DIRECTIONS ::
Lines before the one containing "root_sum_scale mult.left_commute mult.assoc)" are not wanted. Transcribe that line and all after it exactly, to the end of the entries.

[Collected data]
________________________________________
lemma orbit_count_in_quantum_graphs: "orbit_count \<in> quantum_graphs n a B 1"
  unfolding orbit_count_def using n_pos type_indicator_in_quantum_graphs by (rule quantum_graphs_unlabel)

lemma orbit_count_const:
  assumes x: "x < n"
  shows "orbit_count (\<lambda>_. x) =
    of_nat (card {\<chi> \<in> {1..<n} \<rightarrow>\<^sub>E {..<n}. same_type (override_on (\<lambda>_. x) \<chi> {1..<n})}) * (\<Prod>u\<in>{1..<n}. a (\<tau> u))"
proof -
  define P where "P = {1..<n} \<rightarrow>\<^sub>E {..<n}"
  define ext where "ext = (\<lambda>\<chi>. override_on (\<lambda>_. x) \<chi> {1..<n})"
  have ext_less: "ext \<chi> u < n" if "\<chi> \<in> P" "u < n" for \<chi> u
    using that x by (auto simp: ext_def override_on_def P_def PiE_iff)
  have "(\<Prod>u\<in>{1..<n}. a (\<chi> u)) * type_indicator (ext \<chi>) =
      (if same_type (ext \<chi>) then (\<Prod>u\<in>{1..<n}. a (\<tau> u)) else 0)" if \<chi>: "\<chi> \<in> P" for \<chi>
  proof (cases "same_type (ext \<chi>)")
    case True
    then obtain \<gamma> where \<gamma>: "\<gamma> \<in> aut_group n a B" "\<forall>u<n. ext \<chi> u = \<gamma> (\<tau> u)"
      using aut_if_same_type ext_less[OF \<chi>] by blast
    have "a (\<chi> u) = a (\<tau> u)" if "u \<in> {1..<n}" for u
      using \<gamma> that \<tau>_less by (auto simp: ext_def aut_group_def)
    then show ?thesis using True type_indicator_eq[OF ext_less[OF \<chi>]] by simp
  qed (simp add: type_indicator_eq[OF ext_less[OF \<chi>]])
  then have "orbit_count (\<lambda>_. x) = (\<Sum>\<chi>\<in>P. if same_type (ext \<chi>) then (\<Prod>u\<in>{1..<n}. a (\<tau> u)) else 0)"
    by (simp add: orbit_count_def unlabel_def P_def ext_def)
  also have "\<dots> = of_nat (card {\<chi> \<in> P. same_type (ext \<chi>)}) * (\<Prod>u\<in>{1..<n}. a (\<tau> u))"
    by (simp add: sum.If_cases P_def finite_PiE Int_def)
  finally show ?thesis by (simp add: P_def ext_def)
qed

lemma orbit_count_nonzero_iff:
  assumes x: "x < n"
  shows "orbit_count (\<lambda>_. x) \<noteq> 0 \<longleftrightarrow> (\<exists>\<gamma>\<in>aut_group n a B. \<gamma> (\<tau> 0) = x)"
proof -
  define ext where "ext = (\<lambda>\<chi>. override_on (\<lambda>_. x) \<chi> {1..<n})"
  have "(\<Prod>u\<in>{1..<n}. a (\<tau> u)) \<noteq> 0" using a_nonzero \<tau>_less by simp
  then have "orbit_count (\<lambda>_. x) \<noteq> 0 \<longleftrightarrow> (\<exists>\<chi>\<in>{1..<n} \<rightarrow>\<^sub>E {..<n}. same_type (ext \<chi>))"
    by (simp add: orbit_count_const[OF x] finite_PiE ext_def Bex_def)
  also have "\<dots> \<longleftrightarrow> (\<exists>\<gamma>\<in>aut_group n a B. \<gamma> (\<tau> 0) = x)"
  proof
    assume "\<exists>\<chi>\<in>{1..<n} \<rightarrow>\<^sub>E {..<n}. same_type (ext \<chi>)"
    then obtain \<chi> where "\<chi> \<in> {1..<n} \<rightarrow>\<^sub>E {..<n}" "same_type (ext \<chi>)" by blast
    moreover have "ext \<chi> u < n" if "\<chi> \<in> {1..<n} \<rightarrow>\<^sub>E {..<n}" "u < n" for u
      using that x by (auto simp: ext_def override_on_def PiE_iff)
    ultimately obtain \<gamma> where "\<gamma> \<in> aut_group n a B" "\<forall>u<n. ext \<chi> u = \<gamma> (\<tau> u)"
      using aut_if_same_type by blast
    then show "\<exists>\<gamma>\<in>aut_group n a B. \<gamma> (\<tau> 0) = x" using n_pos by (force simp: ext_def)
  next
    assume "\<exists>\<gamma>\<in>aut_group n a B. \<gamma> (\<tau> 0) = x"
    then obtain \<gamma> where \<gamma>: "\<gamma> \<in> aut_group n a B" "\<gamma> (\<tau> 0) = x" by blast
    define \<chi> where "\<chi> = restrict (\<gamma> \<circ> \<tau>) {1..<n}"
    have "\<chi> \<in> {1..<n} \<rightarrow>\<^sub>E {..<n}" unfolding \<chi>_def using aut_group_less[OF \<gamma>(1)] \<tau>_less by auto
    moreover have "ext \<chi> u = \<gamma> (\<tau> u)" if "u < n" for u
      using that \<gamma>(2) by (cases "u = 0") (auto simp: ext_def \<chi>_def)
    then have "same_type (ext \<chi>)" using same_type_if_aut[OF \<gamma>(1)] by blast
    ultimately show "\<exists>\<chi>\<in>{1..<n} \<rightarrow>\<^sub>E {..<n}. same_type (ext \<chi>)" by blast
  qed
  finally show ?thesis .
qed

end

lemma orbit_indicator_in_quantum_graphs:
  fixes a :: "nat \<Rightarrow> 'a::field_char_0"
  assumes "n \<ge> 1" "\<forall>i<n. a i \<noteq> 0" "\<forall>i<n. \<forall>j<n. B i j = B j i" "twin_free n B" and j: "j < n"
  shows "\<exists>I\<in>quantum_graphs n a B 1. \<forall>x<n. I (\<lambda>_. x) = (if \<exists>\<gamma>\<in>aut_group n a B. \<gamma> j = x then 1 else 0)"
proof -
  define \<tau> where "\<tau> = Transposition.transpose 0 j"
  have "\<tau> permutes {..<n}" unfolding \<tau>_def using assms(1) j by (intro permutes_swap_id) auto
  then have "bij_betw \<tau> {..<n} {..<n}" by (rule permutes_imp_bij)
  then interpret reference_labelling n a B \<tau> using assms(1-4) by unfold_locales
  have \<tau>_0: "\<tau> 0 = j" by (simp add: \<tau>_def)
  define W where "W = (\<lambda>x. orbit_count (\<lambda>_. x)) ` {..<n}"
  define I where "I = (\<lambda>\<psi>. 1 - lagrange_delta W 0 (orbit_count \<psi>))"
  have "I \<in> quantum_graphs n a B 1"
    unfolding I_def W_def
    by (intro quantum_graphs_diff quantum_graphs_const quantum_graphs_lagrange_delta orbit_count_in_quantum_graphs) simp
  moreover have "I (\<lambda>_. x) = (if \<exists>\<gamma>\<in>aut_group n a B. \<gamma> j = x then 1 else 0)" if x: "x < n" for x
    using lagrange_delta_eq[of W "orbit_count (\<lambda>_. x)" 0] orbit_count_nonzero_iff[OF x] x
    by (auto simp: I_def W_def \<tau>_0)
  ultimately show ?thesis by blast
qed

section \<open>Multiplicativity implies transitivity\<close>

definition root_sum :: "nat \<Rightarrow> (nat \<Rightarrow> 'a::comm_ring_1) \<Rightarrow> ((nat \<Rightarrow> nat) \<Rightarrow> 'a) \<Rightarrow> 'a" where
  "root_sum n a f = (\<Sum>i<n. a i * f (\<lambda>_. i))"

lemma root_sum_add: "root_sum n a (\<lambda>\<psi>. f \<psi> + g \<psi>) = root_sum n a f + root_sum n a g"
  by (simp add: root_sum_def distrib_left sum.distrib)

lemma root_sum_scale: "root_sum n a (\<lambda>\<psi>. c * f \<psi>) = c * root_sum n a f"
  by (simp add: root_sum_def sum_distrib_left mult.left_commute)

lemma multiplicative_hom_w:
  fixes a :: "nat \<Rightarrow> 'a::field"
  assumes "multiplicative n a B" and S: "(\<Sum>i<n. a i) \<noteq> 0"
    and lgraph1: "is_lgraph (F1, l1)" and lgraph2: "is_lgraph (F2, l2)"
  shows "hom_w F1 n a B * hom_w F2 n a B = (\<Sum>i<n. a i) * hom_w (glue (F1, l1) (F2, l2)) n a B"
proof -
  define S where "S = (\<Sum>i<n. a i)"
  obtain c1 where c1: "num_components F1 = Suc c1"
    using num_components_pos[OF lgraph1] by (cases "num_components F1") auto
  obtain c2 where c2: "num_components F2 = Suc c2"
    using num_components_pos[OF lgraph2] by (cases "num_components F2") auto
  have "num_components (glue (F1, l1) (F2, l2)) = Suc (c1 + c2)"
    using num_components_glue[OF lgraph1 lgraph2] c1 c2 by simp
  moreover have "h_w F1 n a B * h_w F2 n a B = h_w (glue (F1, l1) (F2, l2)) n a B"
    using assms lgraph1 lgraph2 unfolding multiplicative_def by (metis fst_conv)
  ultimately have "hom_w F1 n a B / S ^ Suc c1 * (hom_w F2 n a B / S ^ Suc c2) =
      hom_w (glue (F1, l1) (F2, l2)) n a B / S ^ Suc (c1 + c2)"
    by (simp add: h_w_def c1 c2 S_def)
  then show ?thesis using S by (simp add: S_def[symmetric] field_simps power_add)
qed

lemma multiplicative_labelled_graphs:
  fixes a :: "nat \<Rightarrow> 'a::field"
  assumes mult: "multiplicative n a B" and S: "(\<Sum>i<n. a i) \<noteq> 0"
    and graph1: "1 \<le> K1" "\<forall>e\<in>set E1. fst e < K1 \<and> snd e < K1"
    and graph2: "1 \<le> K2" "\<forall>e\<in>set E2. fst e < K2 \<and> snd e < K2"
  shows "(\<Sum>i<n. a i) * root_sum n a (\<lambda>\<psi>. partial_hom n a B {1..<K1} E1 \<psi> * partial_hom n a B {1..<K2} E2 \<psi>) =
    root_sum n a (partial_hom n a B {1..<K1} E1) * root_sum n a (partial_hom n a B {1..<K2} E2)"
proof -
  have lgraph1: "is_lgraph ((K1, E1), 0)" using graph1 by (force simp: is_lgraph_def wf_graph_def)
  have lgraph2: "is_lgraph ((K2, E2), 0)" using graph2 by (force simp: is_lgraph_def wf_graph_def)
  have "{0..<K} - {0} = {1..<K}" for K :: nat by auto
  then have rooted: "rooted_hom n a B (K, E) 0 i = partial_hom n a B {1..<K} E (\<lambda>_. i)" for K E i
    by (simp add: rooted_hom_def)
  show ?thesis
    using multiplicative_hom_w[OF mult S lgraph1 lgraph2]
    by (simp add: hom_w_eq_sum_rooted_hom[OF lgraph1] hom_w_eq_sum_rooted_hom[OF lgraph2]
        hom_w_glue[OF lgraph1 lgraph2] rooted root_sum_def)
qed

lemma multiplicative_quantum_graphs:
  fixes a :: "nat \<Rightarrow> 'a::field"
  assumes mult: "multiplicative n a B" and S: "(\<Sum>i<n. a i) \<noteq> 0"
    and "f \<in> quantum_graphs n a B 1" "g \<in> quantum_graphs n a B 1"
  shows "(\<Sum>i<n. a i) * root_sum n a (\<lambda>\<psi>. f \<psi> * g \<psi>) = root_sum n a f * root_sum n a g"
  using assms(3)
proof induction
  case (labelled_graph K1 E1)
  show ?case using assms(4)
  proof induction
    case (labelled_graph K2 E2)
    then show ?case
      using multiplicative_labelled_graphs[OF mult S] \<open>1 \<le> K1\<close> \<open>\<forall>e\<in>set E1. fst e < K1 \<and> snd e < K1\<close>
      by blast
  next
    case (add g1 g2)
    have "(\<lambda>\<psi>. f \<psi> * (g1 \<psi> + g2 \<psi>)) = (\<lambda>\<psi>. f \<psi> * g1 \<psi> + f \<psi> * g2 \<psi>)" for f :: "(nat \<Rightarrow> nat) \<Rightarrow> 'a"
      by (simp add: fun_eq_iff distrib_left)
    then show ?case using add.IH by (simp add: root_sum_add distrib_left)
  next
    case (scale g c)
    have "(\<lambda>\<psi>. f \<psi> * (c * g \<psi>)) = (\<lambda>\<psi>. c * (f \<psi> * g \<psi>))" for f :: "(nat \<Rightarrow> nat) \<Rightarrow> 'a"
      by (simp add: fun_eq_iff mult.left_commute)
    then show ?case using scale.IH by (simp add: root_sum_scale mult.left_commute)
  qed
next
  case (add f1 f2)
  have "(\<lambda>\<psi>. (f1 \<psi> + f2 \<psi>) * g \<psi>) = (\<lambda>\<psi>. f1 \<psi> * g \<psi> + f2 \<psi> * g \<psi>)"
    by (simp add: fun_eq_iff distrib_right)
  then show ?case using add.IH by (simp add: root_sum_add distrib_left distrib_right)
next
  case (scale f c)
  have "(\<lambda>\<psi>. c * f \<psi> * g \<psi>) = (\<lambda>\<psi>. c * (f \<psi> * g \<psi>))"
    by (simp add: fun_eq_iff mult.assoc)
  then show ?case using scale.IH by (simp add: root_sum_scale mult.left_commute mult.assoc)
qed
________________________________________
YOUR SOLUTION ::
  then show ?case using scale.IH by (simp add: root_sum_scale mult.left_commute mult.assoc)
qed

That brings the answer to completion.